[Recorded data — start]

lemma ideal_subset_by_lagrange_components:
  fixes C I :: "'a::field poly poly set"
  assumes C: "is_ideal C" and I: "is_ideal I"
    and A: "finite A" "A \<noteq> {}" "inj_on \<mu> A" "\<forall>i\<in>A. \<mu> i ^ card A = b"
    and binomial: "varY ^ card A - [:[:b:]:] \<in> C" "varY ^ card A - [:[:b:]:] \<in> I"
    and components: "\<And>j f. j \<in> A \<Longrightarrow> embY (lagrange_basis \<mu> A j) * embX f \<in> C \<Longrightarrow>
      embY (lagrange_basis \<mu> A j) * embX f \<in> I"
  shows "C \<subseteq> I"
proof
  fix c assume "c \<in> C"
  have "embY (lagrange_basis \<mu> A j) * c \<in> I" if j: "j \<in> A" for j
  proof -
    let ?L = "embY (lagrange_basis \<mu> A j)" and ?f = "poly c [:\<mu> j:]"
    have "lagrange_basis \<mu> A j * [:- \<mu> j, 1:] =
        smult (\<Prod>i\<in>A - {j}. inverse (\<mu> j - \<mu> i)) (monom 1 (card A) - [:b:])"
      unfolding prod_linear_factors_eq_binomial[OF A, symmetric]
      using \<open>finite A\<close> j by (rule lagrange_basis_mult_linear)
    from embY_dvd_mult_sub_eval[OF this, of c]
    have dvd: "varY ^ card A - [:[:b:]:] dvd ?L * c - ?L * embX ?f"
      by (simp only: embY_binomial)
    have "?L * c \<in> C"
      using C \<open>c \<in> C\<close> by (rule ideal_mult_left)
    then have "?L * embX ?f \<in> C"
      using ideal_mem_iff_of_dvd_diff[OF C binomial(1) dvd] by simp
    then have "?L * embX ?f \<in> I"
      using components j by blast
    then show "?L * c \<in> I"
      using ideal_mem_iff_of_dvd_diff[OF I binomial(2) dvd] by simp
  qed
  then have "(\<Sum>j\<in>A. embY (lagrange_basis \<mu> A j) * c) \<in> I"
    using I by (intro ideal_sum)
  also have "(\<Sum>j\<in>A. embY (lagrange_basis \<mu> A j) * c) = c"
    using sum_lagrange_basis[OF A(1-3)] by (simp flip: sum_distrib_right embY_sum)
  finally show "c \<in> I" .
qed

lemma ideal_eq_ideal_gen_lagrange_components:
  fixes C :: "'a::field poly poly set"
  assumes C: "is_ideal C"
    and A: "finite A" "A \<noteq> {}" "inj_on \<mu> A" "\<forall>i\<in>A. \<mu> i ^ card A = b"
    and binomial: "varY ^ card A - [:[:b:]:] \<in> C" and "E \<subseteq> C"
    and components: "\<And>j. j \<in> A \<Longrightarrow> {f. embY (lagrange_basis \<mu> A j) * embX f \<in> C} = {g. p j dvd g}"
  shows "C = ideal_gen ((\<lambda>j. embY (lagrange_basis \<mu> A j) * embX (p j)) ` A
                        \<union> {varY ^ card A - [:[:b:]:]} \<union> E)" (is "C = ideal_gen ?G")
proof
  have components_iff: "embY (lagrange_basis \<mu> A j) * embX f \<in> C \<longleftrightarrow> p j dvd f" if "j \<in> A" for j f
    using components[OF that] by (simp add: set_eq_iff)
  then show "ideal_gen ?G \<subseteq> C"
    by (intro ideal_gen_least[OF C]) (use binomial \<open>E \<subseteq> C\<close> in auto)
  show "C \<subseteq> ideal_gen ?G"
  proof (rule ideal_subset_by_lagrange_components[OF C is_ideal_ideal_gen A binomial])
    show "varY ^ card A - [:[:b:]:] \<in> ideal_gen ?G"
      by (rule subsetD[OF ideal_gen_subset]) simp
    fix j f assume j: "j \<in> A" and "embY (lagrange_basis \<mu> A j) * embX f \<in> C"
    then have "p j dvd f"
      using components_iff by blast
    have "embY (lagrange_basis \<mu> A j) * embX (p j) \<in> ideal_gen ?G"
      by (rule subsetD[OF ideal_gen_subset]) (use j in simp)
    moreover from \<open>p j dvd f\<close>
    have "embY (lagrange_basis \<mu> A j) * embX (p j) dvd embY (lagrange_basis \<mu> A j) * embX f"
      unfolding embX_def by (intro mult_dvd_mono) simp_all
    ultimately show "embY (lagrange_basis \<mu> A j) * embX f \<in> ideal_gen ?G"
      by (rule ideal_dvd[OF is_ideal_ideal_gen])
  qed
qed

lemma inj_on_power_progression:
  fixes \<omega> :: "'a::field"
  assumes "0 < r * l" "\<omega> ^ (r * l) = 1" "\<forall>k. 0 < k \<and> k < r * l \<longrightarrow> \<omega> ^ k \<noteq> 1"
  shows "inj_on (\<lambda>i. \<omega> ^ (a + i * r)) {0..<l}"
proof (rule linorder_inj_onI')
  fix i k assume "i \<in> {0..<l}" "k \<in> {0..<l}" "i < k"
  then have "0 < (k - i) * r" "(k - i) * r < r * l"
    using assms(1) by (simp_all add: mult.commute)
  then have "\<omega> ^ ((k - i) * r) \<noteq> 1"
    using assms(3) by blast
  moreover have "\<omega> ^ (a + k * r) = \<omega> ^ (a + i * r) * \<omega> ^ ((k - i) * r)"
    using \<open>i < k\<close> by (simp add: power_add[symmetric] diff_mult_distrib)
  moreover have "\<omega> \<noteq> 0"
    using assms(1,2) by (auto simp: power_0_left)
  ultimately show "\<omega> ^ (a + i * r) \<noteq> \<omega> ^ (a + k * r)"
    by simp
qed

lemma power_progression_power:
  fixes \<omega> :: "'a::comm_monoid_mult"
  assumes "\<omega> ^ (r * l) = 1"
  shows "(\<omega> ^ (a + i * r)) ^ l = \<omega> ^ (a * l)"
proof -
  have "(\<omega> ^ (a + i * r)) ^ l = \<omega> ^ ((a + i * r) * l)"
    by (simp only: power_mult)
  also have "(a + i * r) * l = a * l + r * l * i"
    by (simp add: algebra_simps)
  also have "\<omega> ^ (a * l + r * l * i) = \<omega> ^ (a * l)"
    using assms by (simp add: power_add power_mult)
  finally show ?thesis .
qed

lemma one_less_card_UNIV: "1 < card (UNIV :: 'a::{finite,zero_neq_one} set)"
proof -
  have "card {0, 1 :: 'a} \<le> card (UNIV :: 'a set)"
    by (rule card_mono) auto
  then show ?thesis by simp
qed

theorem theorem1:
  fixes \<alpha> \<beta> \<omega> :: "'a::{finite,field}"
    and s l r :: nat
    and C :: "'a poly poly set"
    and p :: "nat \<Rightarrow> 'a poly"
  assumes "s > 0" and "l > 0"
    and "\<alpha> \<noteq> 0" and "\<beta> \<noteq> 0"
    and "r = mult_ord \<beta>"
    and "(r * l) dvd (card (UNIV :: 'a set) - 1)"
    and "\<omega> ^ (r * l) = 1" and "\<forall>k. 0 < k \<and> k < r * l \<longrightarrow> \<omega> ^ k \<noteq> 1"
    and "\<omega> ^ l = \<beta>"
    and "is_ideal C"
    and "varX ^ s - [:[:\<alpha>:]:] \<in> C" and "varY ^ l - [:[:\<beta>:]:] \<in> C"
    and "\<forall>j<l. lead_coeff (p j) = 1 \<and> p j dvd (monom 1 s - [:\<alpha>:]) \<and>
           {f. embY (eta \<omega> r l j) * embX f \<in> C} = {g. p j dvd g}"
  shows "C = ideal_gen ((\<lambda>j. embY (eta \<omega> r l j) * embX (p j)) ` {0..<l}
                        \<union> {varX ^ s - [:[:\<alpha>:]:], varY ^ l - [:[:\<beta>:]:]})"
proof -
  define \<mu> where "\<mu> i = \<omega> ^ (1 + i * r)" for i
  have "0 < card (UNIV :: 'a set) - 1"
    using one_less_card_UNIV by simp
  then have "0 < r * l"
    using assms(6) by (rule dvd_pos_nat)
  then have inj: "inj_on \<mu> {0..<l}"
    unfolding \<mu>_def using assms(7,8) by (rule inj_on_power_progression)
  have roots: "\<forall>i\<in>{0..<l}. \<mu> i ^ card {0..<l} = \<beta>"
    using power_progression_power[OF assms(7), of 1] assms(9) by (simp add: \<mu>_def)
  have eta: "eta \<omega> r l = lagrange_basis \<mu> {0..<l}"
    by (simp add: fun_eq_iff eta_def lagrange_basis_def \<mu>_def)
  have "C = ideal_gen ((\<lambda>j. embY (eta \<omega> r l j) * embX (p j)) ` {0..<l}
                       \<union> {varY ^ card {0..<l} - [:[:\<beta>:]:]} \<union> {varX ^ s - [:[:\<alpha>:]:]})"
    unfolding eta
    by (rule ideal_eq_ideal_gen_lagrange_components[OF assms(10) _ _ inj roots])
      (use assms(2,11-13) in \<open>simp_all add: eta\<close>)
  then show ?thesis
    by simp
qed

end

[Recorded data — finish]
[Recorded data — start]

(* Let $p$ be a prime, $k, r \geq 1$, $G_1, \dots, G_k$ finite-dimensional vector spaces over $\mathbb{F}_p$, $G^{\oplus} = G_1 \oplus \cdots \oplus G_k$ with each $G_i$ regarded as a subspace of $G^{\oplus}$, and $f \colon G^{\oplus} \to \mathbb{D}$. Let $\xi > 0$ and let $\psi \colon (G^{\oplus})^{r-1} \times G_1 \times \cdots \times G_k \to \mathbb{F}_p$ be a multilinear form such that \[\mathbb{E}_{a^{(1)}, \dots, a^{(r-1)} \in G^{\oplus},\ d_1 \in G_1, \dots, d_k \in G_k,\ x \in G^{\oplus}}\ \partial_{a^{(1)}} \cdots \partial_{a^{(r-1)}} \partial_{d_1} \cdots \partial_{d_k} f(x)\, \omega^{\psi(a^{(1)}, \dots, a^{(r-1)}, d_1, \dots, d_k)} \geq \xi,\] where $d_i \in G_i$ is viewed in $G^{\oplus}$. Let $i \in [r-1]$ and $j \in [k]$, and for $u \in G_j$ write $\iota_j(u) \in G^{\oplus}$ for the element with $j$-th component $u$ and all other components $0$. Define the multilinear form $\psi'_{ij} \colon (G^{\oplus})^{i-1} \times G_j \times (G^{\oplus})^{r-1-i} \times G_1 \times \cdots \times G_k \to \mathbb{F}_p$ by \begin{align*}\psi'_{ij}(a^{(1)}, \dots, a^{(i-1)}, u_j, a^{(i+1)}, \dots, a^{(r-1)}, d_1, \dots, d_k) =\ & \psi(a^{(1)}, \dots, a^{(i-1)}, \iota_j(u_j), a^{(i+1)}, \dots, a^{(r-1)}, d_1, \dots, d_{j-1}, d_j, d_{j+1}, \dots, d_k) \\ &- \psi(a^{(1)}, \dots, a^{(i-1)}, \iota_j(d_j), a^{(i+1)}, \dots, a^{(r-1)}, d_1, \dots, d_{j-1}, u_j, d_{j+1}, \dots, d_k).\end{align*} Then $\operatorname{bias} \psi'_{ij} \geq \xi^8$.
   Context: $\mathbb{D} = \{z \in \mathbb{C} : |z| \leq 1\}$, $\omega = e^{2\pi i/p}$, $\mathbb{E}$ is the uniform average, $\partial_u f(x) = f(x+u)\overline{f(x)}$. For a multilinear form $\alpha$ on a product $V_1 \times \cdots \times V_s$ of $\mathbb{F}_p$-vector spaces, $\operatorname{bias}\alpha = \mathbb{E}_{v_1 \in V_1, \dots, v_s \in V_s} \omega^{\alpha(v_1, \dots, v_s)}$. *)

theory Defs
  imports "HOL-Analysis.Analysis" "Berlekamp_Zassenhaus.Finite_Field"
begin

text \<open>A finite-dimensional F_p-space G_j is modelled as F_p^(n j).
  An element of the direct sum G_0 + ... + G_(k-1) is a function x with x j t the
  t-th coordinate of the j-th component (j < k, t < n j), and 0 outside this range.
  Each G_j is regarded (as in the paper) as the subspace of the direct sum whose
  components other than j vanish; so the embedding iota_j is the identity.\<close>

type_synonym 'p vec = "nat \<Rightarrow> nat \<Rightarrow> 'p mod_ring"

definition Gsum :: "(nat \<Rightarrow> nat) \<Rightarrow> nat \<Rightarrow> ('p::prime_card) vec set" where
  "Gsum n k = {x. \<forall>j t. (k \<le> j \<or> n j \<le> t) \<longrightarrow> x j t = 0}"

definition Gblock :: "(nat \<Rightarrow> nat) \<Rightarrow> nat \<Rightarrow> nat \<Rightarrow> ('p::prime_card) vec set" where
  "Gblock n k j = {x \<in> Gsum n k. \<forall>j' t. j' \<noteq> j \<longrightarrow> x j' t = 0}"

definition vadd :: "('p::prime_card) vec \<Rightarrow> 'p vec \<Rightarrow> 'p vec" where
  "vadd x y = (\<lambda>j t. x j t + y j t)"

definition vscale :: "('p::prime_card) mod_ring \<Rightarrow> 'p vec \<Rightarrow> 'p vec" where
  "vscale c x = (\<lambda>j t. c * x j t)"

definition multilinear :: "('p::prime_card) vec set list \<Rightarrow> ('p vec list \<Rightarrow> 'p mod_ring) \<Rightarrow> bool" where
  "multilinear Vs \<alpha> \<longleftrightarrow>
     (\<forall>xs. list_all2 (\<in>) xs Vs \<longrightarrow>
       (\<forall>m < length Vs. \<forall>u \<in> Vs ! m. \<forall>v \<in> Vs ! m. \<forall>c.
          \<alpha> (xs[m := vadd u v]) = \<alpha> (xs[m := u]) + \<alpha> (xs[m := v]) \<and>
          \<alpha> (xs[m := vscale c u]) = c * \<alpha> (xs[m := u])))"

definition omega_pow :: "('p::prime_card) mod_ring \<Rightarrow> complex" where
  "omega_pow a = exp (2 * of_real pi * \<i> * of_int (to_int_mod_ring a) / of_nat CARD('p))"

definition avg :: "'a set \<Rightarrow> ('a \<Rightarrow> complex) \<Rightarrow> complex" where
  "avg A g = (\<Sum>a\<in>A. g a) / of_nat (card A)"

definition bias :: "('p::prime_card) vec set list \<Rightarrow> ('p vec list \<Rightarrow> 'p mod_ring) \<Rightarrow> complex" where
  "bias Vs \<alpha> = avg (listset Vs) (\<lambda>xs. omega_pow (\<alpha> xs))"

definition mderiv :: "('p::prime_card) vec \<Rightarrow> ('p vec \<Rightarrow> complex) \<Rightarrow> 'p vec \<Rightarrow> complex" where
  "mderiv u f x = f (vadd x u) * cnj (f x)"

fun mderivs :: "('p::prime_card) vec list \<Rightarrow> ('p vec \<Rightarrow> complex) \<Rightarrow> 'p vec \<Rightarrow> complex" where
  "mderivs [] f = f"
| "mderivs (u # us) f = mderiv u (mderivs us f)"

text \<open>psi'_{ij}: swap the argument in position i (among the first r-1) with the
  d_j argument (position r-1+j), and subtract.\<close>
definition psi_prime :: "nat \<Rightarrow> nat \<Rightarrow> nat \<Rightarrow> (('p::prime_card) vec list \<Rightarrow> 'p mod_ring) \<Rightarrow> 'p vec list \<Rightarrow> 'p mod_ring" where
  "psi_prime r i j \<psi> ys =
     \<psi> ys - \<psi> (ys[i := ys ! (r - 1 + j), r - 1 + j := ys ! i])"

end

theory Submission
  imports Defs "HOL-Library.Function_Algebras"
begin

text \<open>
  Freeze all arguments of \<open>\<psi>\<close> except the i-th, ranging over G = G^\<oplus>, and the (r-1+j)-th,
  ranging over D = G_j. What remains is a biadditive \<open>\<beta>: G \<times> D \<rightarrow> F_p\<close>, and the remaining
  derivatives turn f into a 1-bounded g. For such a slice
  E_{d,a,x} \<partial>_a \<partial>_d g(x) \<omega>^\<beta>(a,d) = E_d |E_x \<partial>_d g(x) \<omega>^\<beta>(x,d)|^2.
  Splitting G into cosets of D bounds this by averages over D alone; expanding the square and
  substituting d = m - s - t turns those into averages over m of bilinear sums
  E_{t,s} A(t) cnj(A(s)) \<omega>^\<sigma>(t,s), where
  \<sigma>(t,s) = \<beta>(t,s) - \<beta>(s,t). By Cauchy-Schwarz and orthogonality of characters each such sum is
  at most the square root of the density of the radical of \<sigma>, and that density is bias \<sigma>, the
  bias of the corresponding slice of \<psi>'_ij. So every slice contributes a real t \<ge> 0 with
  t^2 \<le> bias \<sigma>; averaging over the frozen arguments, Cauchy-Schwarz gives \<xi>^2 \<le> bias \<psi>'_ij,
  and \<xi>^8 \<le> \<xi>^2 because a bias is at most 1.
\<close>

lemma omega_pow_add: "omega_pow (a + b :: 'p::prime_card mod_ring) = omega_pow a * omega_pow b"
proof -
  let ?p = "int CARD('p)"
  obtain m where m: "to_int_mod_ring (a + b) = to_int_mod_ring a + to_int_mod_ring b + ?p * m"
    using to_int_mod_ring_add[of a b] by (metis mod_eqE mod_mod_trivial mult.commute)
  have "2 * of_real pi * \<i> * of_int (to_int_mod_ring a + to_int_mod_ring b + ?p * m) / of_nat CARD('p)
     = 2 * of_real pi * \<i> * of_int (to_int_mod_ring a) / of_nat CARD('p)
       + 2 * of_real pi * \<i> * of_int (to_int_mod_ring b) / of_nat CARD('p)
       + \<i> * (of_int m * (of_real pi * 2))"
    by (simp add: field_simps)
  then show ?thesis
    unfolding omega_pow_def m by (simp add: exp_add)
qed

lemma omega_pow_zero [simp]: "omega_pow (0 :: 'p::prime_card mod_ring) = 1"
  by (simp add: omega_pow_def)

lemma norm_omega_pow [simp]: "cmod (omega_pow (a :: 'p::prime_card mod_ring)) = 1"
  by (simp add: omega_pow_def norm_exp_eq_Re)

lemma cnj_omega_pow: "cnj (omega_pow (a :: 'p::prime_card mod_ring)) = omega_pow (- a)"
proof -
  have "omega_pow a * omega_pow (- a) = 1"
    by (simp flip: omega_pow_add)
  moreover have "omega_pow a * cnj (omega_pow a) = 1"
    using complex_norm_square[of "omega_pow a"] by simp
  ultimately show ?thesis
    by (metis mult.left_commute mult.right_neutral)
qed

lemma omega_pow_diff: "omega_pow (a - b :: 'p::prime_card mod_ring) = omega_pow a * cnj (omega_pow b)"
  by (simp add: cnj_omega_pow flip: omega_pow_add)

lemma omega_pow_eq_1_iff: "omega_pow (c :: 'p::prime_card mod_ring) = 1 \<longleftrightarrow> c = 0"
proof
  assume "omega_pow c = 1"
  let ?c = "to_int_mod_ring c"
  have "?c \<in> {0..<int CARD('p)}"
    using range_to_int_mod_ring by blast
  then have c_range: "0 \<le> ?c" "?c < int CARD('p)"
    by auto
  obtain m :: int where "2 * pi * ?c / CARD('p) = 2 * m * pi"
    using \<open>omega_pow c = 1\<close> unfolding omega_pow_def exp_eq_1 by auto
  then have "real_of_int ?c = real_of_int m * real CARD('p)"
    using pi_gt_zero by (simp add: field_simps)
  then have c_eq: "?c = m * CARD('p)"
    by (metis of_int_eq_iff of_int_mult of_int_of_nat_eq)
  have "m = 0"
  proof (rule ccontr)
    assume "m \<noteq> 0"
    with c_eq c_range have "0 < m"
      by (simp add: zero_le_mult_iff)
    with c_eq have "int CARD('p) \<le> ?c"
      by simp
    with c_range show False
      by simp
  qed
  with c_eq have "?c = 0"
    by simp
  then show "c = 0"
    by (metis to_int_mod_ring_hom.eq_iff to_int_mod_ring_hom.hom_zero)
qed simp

[Recorded data — finish]

■ Task statement:
Lines containing the string "sigma" in the entries above should be counted. State that number alone.

■ Answer section:
4